Rating: Summary: PERFECT Review: I am a pre-med student and reading this book helped me understand a lot of things about medicine and surgery. The author passed his points to the reader through every single page. i found this book really helpful and i do recommend it to anybody who likes medicine.
Rating: Summary: Strongly recommended Review: I have read Dr. Gawande's articles in the New Yorker for several years, and was excited to get my hands on this book, which has lived up to my expectations. Subject matter aside, he is an exceptional writer. Dr. Gawande draws the reader into the 'behind the scenes' of medicine without being the least bit salacious or exploitative. He, more than most other medical writers, is able to convey the feeling of 'being the doctor' and how fascinating and agonizing this can sometimes be. Dr. Gawande's book is interesting from a purely medical standpoint (there's nothing doctors enjoy more than discussing cases that don't fit the textbooks), and also because it spurs you to recognize how very human (i.e., fallible) doctors are, without being didactic about it. I come to this book as a medical 'insider' - I am a resident physician. I have read a great many books about the medical profession, and this book has become one of my favorites. From a professional standpoint, I found this book to be quite instructive in reminding me that being an outstanding physician has a lot to do with recognizing, accepting, and negotiating my own imperfections and continually looking for ways to minimize the impact of my innate fallibility in the care of my patients. A doctor who thinks him/herself infallible is self-deluded and, frankly, dangerous. I have given copies of this book to several medical students with whom I have worked in hopes of encouraging them to develop an approach to medical care that encompasses and compensates for their own necessarily fallible human nature. I would recommend it to anyone interested in medicine and good writing.

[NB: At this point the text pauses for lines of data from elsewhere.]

lemma subspace_eq_if_dim_le:
  assumes "subspace S" "subspace T" "S \<subseteq> T" "finite T" "dim T \<le> dim S"
  shows "S = T"
proof (rule ccontr)
  assume "S \<noteq> T"
  then obtain x where x: "x \<in> T" "x \<notin> S" using assms(3) by blast
  have "finite S" using assms(3,4) finite_subset by blast
  moreover have "x \<notin> span S" using x assms(1) by (metis span_eq_iff)
  ultimately have "dim (insert x S) = dim S + 1"
    using dim_insert_if_finite by simp
  moreover have "dim (insert x S) \<le> dim T"
    using x assms(3,4) by (intro dim_le_if_subset_finite) auto
  ultimately show False using assms(5) by simp
qed

lemma dim_singleton_if_nonzero: "x \<noteq> 0 \<Longrightarrow> dim {x} = 1"
  using dim_insert_if_finite[of "{}" x] dim_eq_card_independent[of "{}"] independent_empty by auto

lemma span_singleton_eq_if_mem:
  assumes "v \<in> span {a}" "v \<noteq> 0"
  shows "span {v} = span {a}"
proof -
  have "a \<in> span {v}" using in_span_insert[of v a "{}"] assms by simp
  then show ?thesis using assms(1) by (simp add: span_eq)
qed

end

context module
begin

lemma span_singleton_subset_iff: "subspace S \<Longrightarrow> span {a} \<subseteq> S \<longleftrightarrow> a \<in> S"
  using span_base span_minimal by blast

lemma span_Un_span: "span (span A \<union> span B) = span (A \<union> B)"
proof -
  have "span A \<union> span B \<subseteq> span (A \<union> B)" by (simp add: span_mono)
  moreover have "A \<union> B \<subseteq> span (span A \<union> span B)"
    using span_superset[of "span A \<union> span B"] span_superset[of A] span_superset[of B] by blast
  ultimately show ?thesis by (simp only: span_eq)
qed

end

section \<open>Points and lines of PG(n,q)\<close>

interpretation V: vector_space "scal :: 'a::field \<Rightarrow> (nat \<Rightarrow> 'a) \<Rightarrow> (nat \<Rightarrow> 'a)"
  by unfold_locales (auto simp: scal_def fun_eq_iff algebra_simps)

lemma subspace_vecs: "V.subspace (vecs n)"
  unfolding V.subspace_def vecs_def by (auto simp: scal_def)

lemma subspace_hyp_inf: "V.subspace (hyp_inf n)"
  unfolding V.subspace_def vecs_def hyp_inf_def by (auto simp: scal_def)

lemma bij_betw_restrict_vanishing_outside:
  "bij_betw (\<lambda>v. restrict v I) {v :: nat \<Rightarrow> 'a::zero. \<forall>i. i \<notin> I \<longrightarrow> v i = 0} (I \<rightarrow>\<^sub>E UNIV)"
  by (rule bij_betw_byWitness[where f'="\<lambda>g i. if i \<in> I then g i else 0"])
    (auto simp: fun_eq_iff PiE_def extensional_def)

lemma finite_vecs: "finite (vecs n :: (nat \<Rightarrow> 'a::{finite,field}) set)"
proof -
  have "vecs n = {v :: nat \<Rightarrow> 'a. \<forall>i. i \<notin> {..n} \<longrightarrow> v i = 0}"
    by (auto simp: vecs_def)
  then show ?thesis
    using bij_betw_finite[OF bij_betw_restrict_vanishing_outside[where I="{..n}" and 'a='a]]
    by (simp add: finite_PiE)
qed

lemma card_hyp_inf: "card (hyp_inf n :: (nat \<Rightarrow> 'a::{finite,field}) set) = card (UNIV :: 'a set) ^ n"
proof -
  have "hyp_inf n = {v :: nat \<Rightarrow> 'a. \<forall>i. i \<notin> {1..n} \<longrightarrow> v i = 0}"
    by (auto simp: hyp_inf_def vecs_def not_less_eq_eq)
  then show ?thesis
    using bij_betw_same_card[OF bij_betw_restrict_vanishing_outside[where I="{1..n}" and 'a='a]]
    by (simp add: card_PiE)
qed

lemma finite_if_subset_vecs: "S \<subseteq> vecs n \<Longrightarrow> finite (S :: (nat \<Rightarrow> 'a::{finite,field}) set)"
  using finite_vecs finite_subset by blast

lemma finite_Pow_vecs: "finite (Pow (vecs n :: (nat \<Rightarrow> 'a::{finite,field}) set))"
  using finite_vecs by blast

lemma finite_affine_lines: "finite (affine_lines n :: (nat \<Rightarrow> 'a::{finite,field}) set set)"
  by (rule finite_subset[OF _ finite_Pow_vecs])
    (auto simp: affine_lines_def proj_lines_def proj_subspaces_def)

lemma finite_affine_points: "finite (affine_points n :: (nat \<Rightarrow> 'a::{finite,field}) set set)"
  by (rule finite_subset[OF _ finite_Pow_vecs])
    (auto simp: affine_points_def proj_points_def proj_subspaces_def)

lemma finite_points_at_inf: "finite (points_at_inf n :: (nat \<Rightarrow> 'a::{finite,field}) set set)"
  by (rule finite_subset[OF _ finite_Pow_vecs])
    (auto simp: points_at_inf_def proj_points_def proj_subspaces_def)

lemma card_span_singleton:
  fixes a :: "nat \<Rightarrow> 'a::{finite,field}"
  assumes "a \<noteq> 0"
  shows "card (V.span {a}) = card (UNIV :: 'a set)"
proof -
  have "inj (\<lambda>k. scal k a)" using assms by (simp add: inj_on_def)
  then show ?thesis by (simp add: V.span_singleton card_image)
qed

lemma proj_points_iff:
  "P \<in> proj_points n \<longleftrightarrow> (\<exists>a\<in>vecs n. a \<noteq> 0 \<and> P = V.span {a})"
proof
  assume "P \<in> proj_points n"
  then have P: "P \<subseteq> vecs n" "V.subspace P" "V.dim P = 1"
    by (auto simp: proj_points_def proj_subspaces_def)
  obtain B where B: "B \<subseteq> P" "V.independent B" "P \<subseteq> V.span B" "card B = V.dim P"
    using V.basis_exists by blast
  then obtain a where "B = {a}" using P(3) card_1_singleton_iff by (metis One_nat_def)
  then show "\<exists>a\<in>vecs n. a \<noteq> 0 \<and> P = V.span {a}"
    using B P V.span_subspace[of B P] by auto
next
  assume "\<exists>a\<in>vecs n. a \<noteq> 0 \<and> P = V.span {a}"
  then obtain a where "a \<in> vecs n" "a \<noteq> 0" "P = V.span {a}" by blast
  then show "P \<in> proj_points n"
    using V.dim_singleton_if_nonzero V.span_singleton_subset_iff[OF subspace_vecs]
    by (auto simp: proj_points_def proj_subspaces_def)
qed
lemma card_conflicts_le:
  assumes G: "simple_graph V E" and deg: "\<forall>v\<in>V. degree E v \<le> d" and "e \<in> E"
  shows "card (conflicts E e) \<le> 2 * (d - 1) * d"
proof -
  obtain u v where e: "e = {u, v}" "u \<noteq> v" "adj E u v"
    using edge_obtain_ends[OF G \<open>e \<in> E\<close>] by metis
  note fin = finite_neighbours[OF G]
  have star_le: "card (star E x) \<le> d" if "x \<in> neighbours E w" for x w
    using deg neighbours_subset_vertices[OF G] that by (auto simp: degree_eq_card_star)
  have outer_le: "card (neighbours E w - e) \<le> d - 1" if w: "w \<in> e" for w
  proof -
    obtain w' where w': "w' \<in> e" "w' \<in> neighbours E w"
      using w e adj_sym[of E u v] by (auto simp: neighbours_def)
    have "w \<in> V" using w e(1,3) adj_in_vertices[OF G] by auto
    have "card (neighbours E w - e) \<le> card (neighbours E w - {w'})"
      using fin w'(1) by (intro card_mono) auto
    also have "\<dots> \<le> d - 1"
      using w'(2) fin deg \<open>w \<in> V\<close> by (simp add: card_neighbours[OF G] diff_le_mono)
    finally show ?thesis .
  qed
  have side_le: "card (\<Union>x\<in>neighbours E w - e. star E x) \<le> (d - 1) * d" if "w \<in> e" for w
  proof -
    have "card (\<Union>x\<in>neighbours E w - e. star E x) \<le> (\<Sum>x\<in>neighbours E w - e. card (star E x))"
      using fin by (intro card_UN_le) auto
    also have "\<dots> \<le> (\<Sum>x\<in>neighbours E w - e. d)"
      using star_le by (intro sum_mono) auto
    also have "\<dots> = card (neighbours E w - e) * d"
      by simp
    also have "\<dots> \<le> (d - 1) * d"
      using outer_le[OF that] by (rule mult_le_mono1)
    finally show ?thesis .
  qed
  have "card (\<Union>w\<in>e. \<Union>x\<in>neighbours E w - e. star E x) \<le> (\<Sum>w\<in>e. card (\<Union>x\<in>neighbours E w - e. star E x))"
    using e(1) by (intro card_UN_le) auto
  also have "\<dots> \<le> (\<Sum>w\<in>e. (d - 1) * d)"
    using side_le by (intro sum_mono) auto
  also have "\<dots> = 2 * (d - 1) * d"
    using e(1,2) by simp
  finally have "card (\<Union>w\<in>e. \<Union>x\<in>neighbours E w - e. star E x) \<le> 2 * (d - 1) * d" .
  moreover have "finite (\<Union>w\<in>e. \<Union>x\<in>neighbours E w - e. star E x)"
    by (rule finite_subset[OF _ finite_edges[OF G]]) (auto simp: star_def)
  ultimately show ?thesis
    using card_mono[OF _ conflicts_subset_stars[OF G \<open>e \<in> E\<close>]] by (meson order_trans)
qed

section \<open>Short walks in graphs of large girth\<close>

fun non_backtracking :: "'a list \<Rightarrow> bool" where
  "non_backtracking (x # y # z # zs) \<longleftrightarrow> x \<noteq> z \<and> non_backtracking (y # z # zs)"
| "non_backtracking _ \<longleftrightarrow> True"

lemma non_backtracking_Cons: "non_backtracking (x # xs) \<Longrightarrow> non_backtracking xs"
  by (cases xs rule: non_backtracking.cases) auto

lemma girth_at_least_mono: "E' \<subseteq> E \<Longrightarrow> girth_at_least E g \<Longrightarrow> girth_at_least E' g"
  unfolding girth_at_least_def is_cycle_def by blast

lemma is_cycle_if_closed_walk:
  assumes "successively (adj E) (xs @ [hd xs])" "distinct xs" "3 \<le> length xs"
  shows "is_cycle E xs"
  unfolding is_cycle_def
proof (intro conjI allI impI)
  fix i assume i: "i < length xs"
  have "adj E ((xs @ [hd xs]) ! i) ((xs @ [hd xs]) ! Suc i)"
    using successively_nth[OF assms(1)] i by simp
  moreover have "hd xs = xs ! 0"
    using assms(3) by (cases xs) auto
  then have "(xs @ [hd xs]) ! Suc i = xs ! (Suc i mod length xs)"
    using i by (cases "Suc i = length xs") (auto simp: nth_append)
  ultimately show "{xs ! i, xs ! ((i + 1) mod length xs)} \<in> E"
    using i by (simp add: nth_append adj_def)
qed (use assms in auto)

text \<open>The first repeated vertex of a walk closes a cycle, of length at least three because
  the walk does not backtrack.\<close>

lemma distinct_if_walk_within_girth:
  assumes G: "simple_graph V E" and girth: "girth_at_least E g"
  shows "successively (adj E) vs \<Longrightarrow> non_backtracking vs \<Longrightarrow> length vs \<le> g \<Longrightarrow> distinct vs"
proof (induction vs)
  case (Cons v ws)
  have "distinct ws"
    using Cons by (auto simp: successively_Cons dest: non_backtracking_Cons)
  moreover have "v \<notin> set ws"
  proof
    assume "v \<in> set ws"
    then obtain ys zs where ws: "ws = ys @ v # zs" "v \<notin> set ys"
      by (auto dest: split_list_first)
    have "successively (adj E) ((v # ys) @ (v # zs))"
      using Cons.prems(1) unfolding ws(1) by simp
    then have walk: "successively (adj E) ((v # ys) @ [v])"
      unfolding successively_append_iff by simp
    have "ys \<noteq> []"
      using walk adj_irrefl[OF G] by auto
    moreover have "\<not> (\<exists>y. ys = [y])"
      using Cons.prems(2) unfolding ws(1) by auto
    ultimately have "3 \<le> length (v # ys)"
      by (cases ys) (auto simp: Suc_le_eq)
    moreover have "distinct (v # ys)"
      using \<open>distinct ws\<close> ws by simp
    ultimately have "is_cycle E (v # ys)"
      using walk by (intro is_cycle_if_closed_walk) auto
    then have "g \<le> length (v # ys)"
      using girth unfolding girth_at_least_def by blast
    then show False
      using Cons.prems(3) ws(1) by simp
  qed
  ultimately show ?case by simp
qed simp

lemma hanging_edges:
  assumes G: "simple_graph V E" and girth: "girth_at_least E 6"
    and "adj E r a" "adj E r b" "a \<noteq> b" "adj E a x" "x \<noteq> r" "adj E b y" "y \<noteq> r"
  shows "{a, x} \<inter> {b, y} = {}" and "\<not> conflicting E {a, x} {b, y}"
proof -
  have walk_distinct: "distinct vs"
    if "successively (adj E) vs" "non_backtracking vs" "length vs \<le> 6" for vs
    using distinct_if_walk_within_girth[OF G girth] that by blast
  have adj: "adj E a r" "adj E x a" "adj E b r" "adj E y b"
    using assms(3-9) adj_sym by metis+
  have path: "distinct [x, a, r, b, y]"
    by (rule walk_distinct) (use assms adj in auto)
  then show disj: "{a, x} \<inter> {b, y} = {}" by auto
  have "\<not> adj E p q" if ends: "p \<in> {a, x}" "q \<in> {b, y}" for p q
  proof
    assume "adj E p q"
    then have qp: "adj E q p" by (rule adj_sym)
    consider "p = a" "q = b" | "p = a" "q = y" | "p = x" "q = b" | "p = x" "q = y"
      using ends by blast
    then show False
    proof cases
      case 1
      have "distinct [b, a, r, b]" by (rule walk_distinct) (use 1 qp assms adj path in auto)
      then show False by simp
    next
      case 2
      have "distinct [y, a, r, b, y]" by (rule walk_distinct) (use 2 qp assms adj path in auto)
      then show False by simp
    next
      case 3
      have "distinct [b, x, a, r, b]" by (rule walk_distinct) (use 3 qp assms adj path in auto)
      then show False by simp
    next
      case 4
      have "distinct [y, x, a, r, b, y]" by (rule walk_distinct) (use 4 qp assms adj path in auto)
      then show False by simp
    qed
  qed
  moreover have "g = {p, q}" if "g \<in> E" "p \<in> g" "q \<in> g" "p \<noteq> q" for g p q
    using G that unfolding simple_graph_def by (metis card_2_iff insert_commute insertE singletonD)
  ultimately show "\<not> conflicting E {a, x} {b, y}"
    using disj unfolding conflicting_def adj_def by blast
qed

lemma exists_other_neighbour:
  assumes G: "simple_graph V E" and reg: "regular V E d" and "2 \<le> d" and "a \<in> V"
  obtains x where "adj E a x" "x \<noteq> r"
proof -
  have "neighbours E a - {r} \<noteq> {}"
  proof
    assume "neighbours E a - {r} = {}"
    then have "card (neighbours E a) \<le> card {r}"
      by (intro card_mono) auto
    with reg \<open>a \<in> V\<close> \<open>2 \<le> d\<close> show False
      by (simp add: card_neighbours[OF G] regular_def)
  qed
  with that show thesis by (auto simp: neighbours_def)
qed

lemma hanging_edge_conflicts_star:
  assumes G: "simple_graph V E" and "adj E r a" "adj E a x" "x \<noteq> r" "e \<in> star E r"
  shows "{a, x} \<in> conflicts E e"
proof -
  have "a \<noteq> r" using assms(2) adj_irrefl[OF G] by blast
  with assms(4,5) have "{a, x} \<noteq> e" by (auto simp: star_def)
  moreover have "{r, a} \<in> E" "{a, x} \<in> E" using assms(2,3) by (simp_all add: adj_def)
  ultimately show ?thesis
    using assms(5) unfolding conflicts_def conflicting_def star_def
    by (auto intro!: bexI[of _ "{r, a}"])
qed

lemma exists_hanging_matching:
  assumes G: "simple_graph V E" and reg: "regular V E d" and "2 \<le> d"
    and girth: "girth_at_least E 6" and "r \<in> V"
  obtains M where "M \<subseteq> E" "card M = d" "\<forall>e\<in>M. \<forall>f\<in>M. e \<inter> f \<noteq> {} \<longrightarrow> e = f"
    "\<forall>e\<in>M. \<forall>f\<in>M. \<not> conflicting E e f" "\<forall>e\<in>star E r. M \<subseteq> conflicts E e"
proof -
  have "\<forall>a\<in>neighbours E r. \<exists>x. adj E a x \<and> x \<noteq> r"
  proof
    fix a assume "a \<in> neighbours E r"
    then have "a \<in> V" using neighbours_subset_vertices[OF G] by blast
    then obtain x where "adj E a x" "x \<noteq> r"
      by (rule exists_other_neighbour[OF G reg \<open>2 \<le> d\<close>])
    then show "\<exists>x. adj E a x \<and> x \<noteq> r" by blast
  qed
  then obtain hang where hang: "\<forall>a\<in>neighbours E r. adj E a (hang a) \<and> hang a \<noteq> r"
    by (rule bchoice[THEN exE])
  have hanging: "{a, hang a} \<inter> {b, hang b} = {} \<and> \<not> conflicting E {a, hang a} {b, hang b}"
    if ab: "a \<in> neighbours E r" "b \<in> neighbours E r" "a \<noteq> b" for a b
  proof -
    have "adj E r a" "adj E r b"
      using ab by (simp_all add: neighbours_def)
    moreover have "adj E a (hang a)" "hang a \<noteq> r" "adj E b (hang b)" "hang b \<noteq> r"
      using ab hang by simp_all
    ultimately show ?thesis
      using hanging_edges[OF G girth _ _ ab(3)] by simp
  qed
  define M where "M = (\<lambda>a. {a, hang a}) ` neighbours E r"
  have "M \<subseteq> E"
    using hang unfolding M_def adj_def by auto
  have "inj_on (\<lambda>a. {a, hang a}) (neighbours E r)"
  proof (rule inj_onI)
    fix a b assume "a \<in> neighbours E r" "b \<in> neighbours E r" "{a, hang a} = {b, hang b}"
    then show "a = b" using hanging[of a b] by auto
  qed
  then have "card M = d"
    unfolding M_def using reg \<open>r \<in> V\<close>
    by (simp add: card_image card_neighbours[OF G] regular_def)
  have pair: "(e = f \<or> e \<inter> f = {}) \<and> \<not> conflicting E e f"
    if ef: "e \<in> M" "f \<in> M" for e f
  proof -
    obtain a b where "a \<in> neighbours E r" "b \<in> neighbours E r" "e = {a, hang a}" "f = {b, hang b}"
      using ef unfolding M_def by blast
    then show ?thesis
      using hanging[of a b] by (cases "a = b") auto
  qed
  have "\<forall>e\<in>star E r. M \<subseteq> conflicts E e"
    unfolding M_def
  proof (intro ballI image_subsetI)
    fix e a assume "e \<in> star E r" "a \<in> neighbours E r"
    then show "{a, hang a} \<in> conflicts E e"
      using hang by (intro hanging_edge_conflicts_star[OF G]) (auto simp: neighbours_def)
  qed
  then show thesis
    using that[OF \<open>M \<subseteq> E\<close> \<open>card M = d\<close>] pair by blast
qed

Rating: Summary: An interesting reading for non-medics as well... Review: I am a non-medical person. But I am extremely sensitive on health issues. So I like to do research and readings on health subjects that have affected my own health. I became interested in Gawande's book when I saw it in the hands of a medical student reading it on the subway. At first, I thought that the book is not readable by non-medical people. Yet, after I have read it, I have seen that I did a good job buying it. The book is perfectly readable. With very nice examples and a charming language, it shows that doctors are also exposed to human weaknesses, that patients should not ask for miracles from medical science but can well ask for them from God, not to ensure healing, but because hoping is the first and foremost condition to coping with plenty of uncontrolled variables. On the medical side, the book is full of lessons for doctors to take; how vital it is to be abreast of medical research, to have a balanced life, to care and respect for patients. I know many doctors who themselves need physical or psychiatric care but neglect it just as they do not take their patients' problems seriously enough. Dr. Gawande displays not only striking examples of such doctors but also encouraging ways for them to be better doctors. Overall, I can say that this book is fun and useful to read.